text \<open>The tester draws \<open>m = \<Theta>(t/\<epsilon>)\<close> uniform points \<open>x\<^sub>1, \<dots>, x\<^sub>m\<close>, queries them, then picks
  \<open>s = \<Theta>(1/\<epsilon>)\<close> disjoint pairs \<open>{a, b}\<close> one at a time, uniformly among the unused ones, and
  queries \<open>x\<^sub>a \<oplus> x\<^sub>b\<close>; it rejects iff some fully answered triple violates
  \<open>f(x\<^sub>a) + f(x\<^sub>b) = f(x\<^sub>a \<oplus> x\<^sub>b)\<close>.  Linear functions are never rejected.  If \<open>f\<close> is
  \<open>\<epsilon>\<close>-far from linear, the BLR theorem makes each pair a violation with probability
  \<open>\<ge> \<epsilon>/12\<close>, so all \<open>s\<close> pairs pass with probability \<open>\<le> 1/6\<close>.  The adversary can spoil
  this only by erasing a point \<open>x\<^sub>j\<close> before it is queried (each point is fresh and uniform,
  so this costs \<open>m \<cdot> tm/2\<^sup>d\<close>) or by erasing a sum before it is queried.  Unless two
  different pairs have the same sum (probability \<open>\<le> m\<^sup>4/2\<^sup>d\<close>), at most \<open>2\<cdot>|erased|\<close>
  pairs have an erased sum, and the pair is chosen among \<open>\<Omega>(m\<^sup>2)\<close> free pairs, so each
  step fails with probability \<open>O(t/m)\<close>.  The condition \<open>t \<le> c\<^sub>0 \<epsilon> 2\<^sup>d\<^sup>/\<^sup>4\<close> makes
  \<open>m\<^sup>4 = O(2\<^sup>d)\<close>, so all error terms are small constants.\<close>

section \<open>Bounds for discrete probability\<close>

lemma measure_pmf_bind_le_add:
  fixes M :: "'a pmf" and N :: "'a \<Rightarrow> 'b pmf"
  assumes "\<And>x. x \<in> set_pmf M \<Longrightarrow> x \<notin> B \<Longrightarrow> measure_pmf.prob (N x) A \<le> c" "0 \<le> c"
  shows "measure_pmf.prob (bind_pmf M N) A \<le> measure_pmf.prob M B + c"
proof -
  have "emeasure (bind_pmf M N) A = (\<integral>\<^sup>+x. emeasure (N x) A \<partial>M)" by simp
  also have "\<dots> \<le> (\<integral>\<^sup>+x. (indicator B x + ennreal c) \<partial>M)"
  proof (rule nn_integral_mono_AE, rule AE_pmfI)
    fix x assume x: "x \<in> set_pmf M"
    show "emeasure (measure_pmf (N x)) A \<le> indicator B x + ennreal c"
    proof (cases "x \<in> B")
      case True
      have "emeasure (measure_pmf (N x)) A \<le> 1" by (simp add: measure_pmf.emeasure_le_1)
      then show ?thesis using True by (simp add: add_increasing2)
    next
      case False
      then show ?thesis using assms(1)[OF x False]
        by (simp add: measure_pmf.emeasure_eq_measure ennreal_leI)
    qed
  qed
  also have "\<dots> = ennreal (measure_pmf.prob M B + c)"
    using assms(2)
    by (subst nn_integral_add) (auto simp: measure_pmf.emeasure_eq_measure ennreal_plus)
  finally have "ennreal (measure_pmf.prob (bind_pmf M N) A) \<le> ennreal (measure_pmf.prob M B + c)"
    by (simp add: measure_pmf.emeasure_eq_measure)
  then show ?thesis
    using assms(2) by (metis add_nonneg_nonneg ennreal_le_iff measure_nonneg)
qed

lemma measure_pmf_bind_le:
  fixes M :: "'a pmf" and N :: "'a \<Rightarrow> 'b pmf"
  assumes "\<And>x. x \<in> set_pmf M \<Longrightarrow> measure_pmf.prob (N x) A \<le> c"
  shows "measure_pmf.prob (bind_pmf M N) A \<le> c"
proof -
  obtain x where "x \<in> set_pmf M" using set_pmf_not_empty[of M] by blast
  then have "0 \<le> c" using assms measure_nonneg order_trans by blast
  then show ?thesis
    using measure_pmf_bind_le_add[of M "{}" N A c] assms by simp
qed

lemma measure_pmf_bind_le_mult:
  fixes M :: "'a pmf" and N :: "'a \<Rightarrow> 'b pmf"
  assumes "\<And>x. x \<in> set_pmf M \<Longrightarrow> x \<in> B \<Longrightarrow> measure_pmf.prob (N x) A \<le> c"
    and "\<And>x. x \<in> set_pmf M \<Longrightarrow> x \<notin> B \<Longrightarrow> measure_pmf.prob (N x) A = 0" and "0 \<le> c"
  shows "measure_pmf.prob (bind_pmf M N) A \<le> c * measure_pmf.prob M B"
proof -
  have "emeasure (bind_pmf M N) A = (\<integral>\<^sup>+x. emeasure (N x) A \<partial>M)" by simp
  also have "\<dots> \<le> (\<integral>\<^sup>+x. ennreal c * indicator B x \<partial>M)"
  proof (rule nn_integral_mono_AE, rule AE_pmfI)
    fix x assume x: "x \<in> set_pmf M"
    show "emeasure (measure_pmf (N x)) A \<le> ennreal c * indicator B x"
      using assms(1)[OF x] assms(2)[OF x]
      by (cases "x \<in> B") (auto simp: measure_pmf.emeasure_eq_measure ennreal_leI)
  qed
  also have "\<dots> = ennreal (c * measure_pmf.prob M B)"
    using assms(3)
    by (simp add: nn_integral_cmult_indicator measure_pmf.emeasure_eq_measure ennreal_mult)
  finally show ?thesis
    using assms(3) by (simp add: measure_pmf.emeasure_eq_measure)
qed

lemma measure_pmf_mono_on_support:
  assumes "\<And>x. x \<in> set_pmf M \<Longrightarrow> x \<in> A \<Longrightarrow> x \<in> B"
  shows "measure_pmf.prob M A \<le> measure_pmf.prob M B"
  by (rule measure_pmf.finite_measure_mono_AE) (auto simp: AE_measure_pmf_iff assms)

lemma pair_pmf_conv_bind_left: "pair_pmf A B = bind_pmf A (\<lambda>x. map_pmf (Pair x) B)"
  by (simp add: pair_pmf_def map_pmf_def)

lemma pair_pmf_conv_bind_right: "pair_pmf A B = bind_pmf B (\<lambda>y. map_pmf (\<lambda>x. (x, y)) A)"
  by (simp add: pair_pmf_def map_pmf_def) (rule bind_commute_pmf)


section \<open>Bit vectors and linear functions\<close>

definition xor_bits :: "bool list \<Rightarrow> bool list \<Rightarrow> bool list" where
  "xor_bits x y = map2 (\<noteq>) x y"

lemma length_xor_bits [simp]: "length (xor_bits x y) = min (length x) (length y)"
  by (simp add: xor_bits_def)

lemma nth_xor_bits [simp]:
  "i < length x \<Longrightarrow> i < length y \<Longrightarrow> xor_bits x y ! i = (x ! i \<noteq> y ! i)"
  by (simp add: xor_bits_def)

lemma xor_bits_in_cube [intro]: "x \<in> cube d \<Longrightarrow> y \<in> cube d \<Longrightarrow> xor_bits x y \<in> cube d"
  by (simp add: cube_def)

lemma xor_bits_commute: "xor_bits x y = xor_bits y x"
  by (rule nth_equalityI) auto

lemma xor_bits_assoc: "xor_bits (xor_bits x y) z = xor_bits x (xor_bits y z)"
  by (rule nth_equalityI) auto

lemma xor_bits_left_cancel: "length a = length y \<Longrightarrow> xor_bits a (xor_bits a y) = y"
  by (rule nth_equalityI) auto

lemma xor_bits_right_cancel: "length a = length y \<Longrightarrow> xor_bits (xor_bits y a) a = y"
  by (rule nth_equalityI) auto

lemma xor_bits_left_commute: "xor_bits x (xor_bits y z) = xor_bits y (xor_bits x z)"
  by (metis xor_bits_assoc xor_bits_commute)

lemma inj_on_xor_bits: "a \<in> cube d \<Longrightarrow> inj_on (xor_bits a) (cube d)"
  unfolding inj_on_def cube_def by (metis mem_Collect_eq xor_bits_left_cancel)

lemma finite_cube [simp]: "finite (cube d)"
  unfolding cube_def using finite_lists_length_eq[of "UNIV :: bool set" d] by simp

lemma card_cube: "card (cube d) = 2 ^ d"
  unfolding cube_def using card_lists_length_eq[of "UNIV :: bool set" d] by simp

lemma cube_nonempty [simp]: "cube d \<noteq> {}"
  using card_cube[of d] by auto
(* Let $\tilde w,\tilde w'\in\tilde W^+_1$, let $\lambda\in X^*(T)$ be dominant and $\nu\in X^*(T)$. If $t_\nu w_0 t_\lambda \tilde w\le w_0t_\lambda\tilde w'$ and $t_{-\nu}w_0t_\lambda\tilde w'\le w_0t_\lambda\tilde w$, then $\nu\in X^0(T)$ and $\tilde w'=t_\nu\tilde w$.
   Context: Let $G$ be a split connected reductive group with maximal split torus $T$ and Borel $B\supset T$; $X^*(T)$, roots $\Phi$, positive roots $\Phi^+$, simple roots $\Delta$, coroots $\alpha^\vee$, Weyl group $W$ with longest element $w_0$, root lattice $\Lambda_R$. $X^0(T)=\{\lambda\in X^*(T):\langle\lambda,\alpha^\vee\rangle=0\ \forall\alpha\in\Delta\}$; $\lambda$ is dominant if $\langle\lambda,\alpha^\vee\rangle\ge0$ for all $\alpha\in\Delta$. $\tilde W = X^*(T)\rtimes W$ (translations $t_\nu$), $W_a = \Lambda_R\rtimes W$, acting on $V=X^*(T)\otimes\mathbb{R}$ by $t_\nu w(x)=w(x)+\nu$. Alcoves are connected components of $V\setminus\bigcup_{\alpha\in\Phi^+,k\in\mathbb{Z}}\{x:\langle x,\alpha^\vee\rangle=k\}$; $A_0=\{x:0<\langle x,\alpha^\vee\rangle<1\ \forall\alpha\in\Phi^+\}$; $\Omega$ is the stabilizer of $A_0$ in $\tilde W$, $\tilde W=W_a\rtimes\Omega$. Bruhat order $\le$ on $\tilde W$: that of the Coxeter group $W_a$ (simple reflections = reflections in walls of $A_0$), extended by $\tilde w_1\delta\le\tilde w_2\delta\iff\tilde w_1\le\tilde w_2$ ($\delta\in\Omega$), different $W_a$-cosets incomparable. $\tilde W^+_1$ is the set of $\tilde w\in\tilde W$ such that $0<\langle x,\alpha^\vee\rangle<1$ for all $x\in\tilde w(A_0)$ and all $\alpha\in\Delta$. *)

theory Defs
  imports "HOL-Analysis.Analysis"
begin

text \<open>
The character lattice X*(T) is modelled as the integer points of
V = real^'n (i.e. X*(T) = Z^n with a chosen basis, V = X*(T) (x) R); the
cocharacter lattice is identified with the integer points as well, the perfect
pairing being the standard inner product.  Roots are elements of Phi, the coroot
map is cor.  Elements of the extended affine Weyl group are represented by
the affine maps of V through which they act (the action is faithful).
\<close>

definition charlat :: "(real^'n) set" where
  "charlat = {x. \<forall>i. x $ i \<in> \<int>}"

definition refl :: "real^'n \<Rightarrow> real^'n \<Rightarrow> real^'n \<Rightarrow> real^'n" where
  "refl a av x = x - (x \<bullet> av) *\<^sub>R a"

(YOUR INSTRUCTIONS): Each line from the top of the material above through the line with "unused ones, and" must be echoed exactly, and no other line.

(SOLVED EXERCISE):
text \<open>The tester draws \<open>m = \<Theta>(t/\<epsilon>)\<close> uniform points \<open>x\<^sub>1, \<dots>, x\<^sub>m\<close>, queries them, then picks
  \<open>s = \<Theta>(1/\<epsilon>)\<close> disjoint pairs \<open>{a, b}\<close> one at a time, uniformly among the unused ones, and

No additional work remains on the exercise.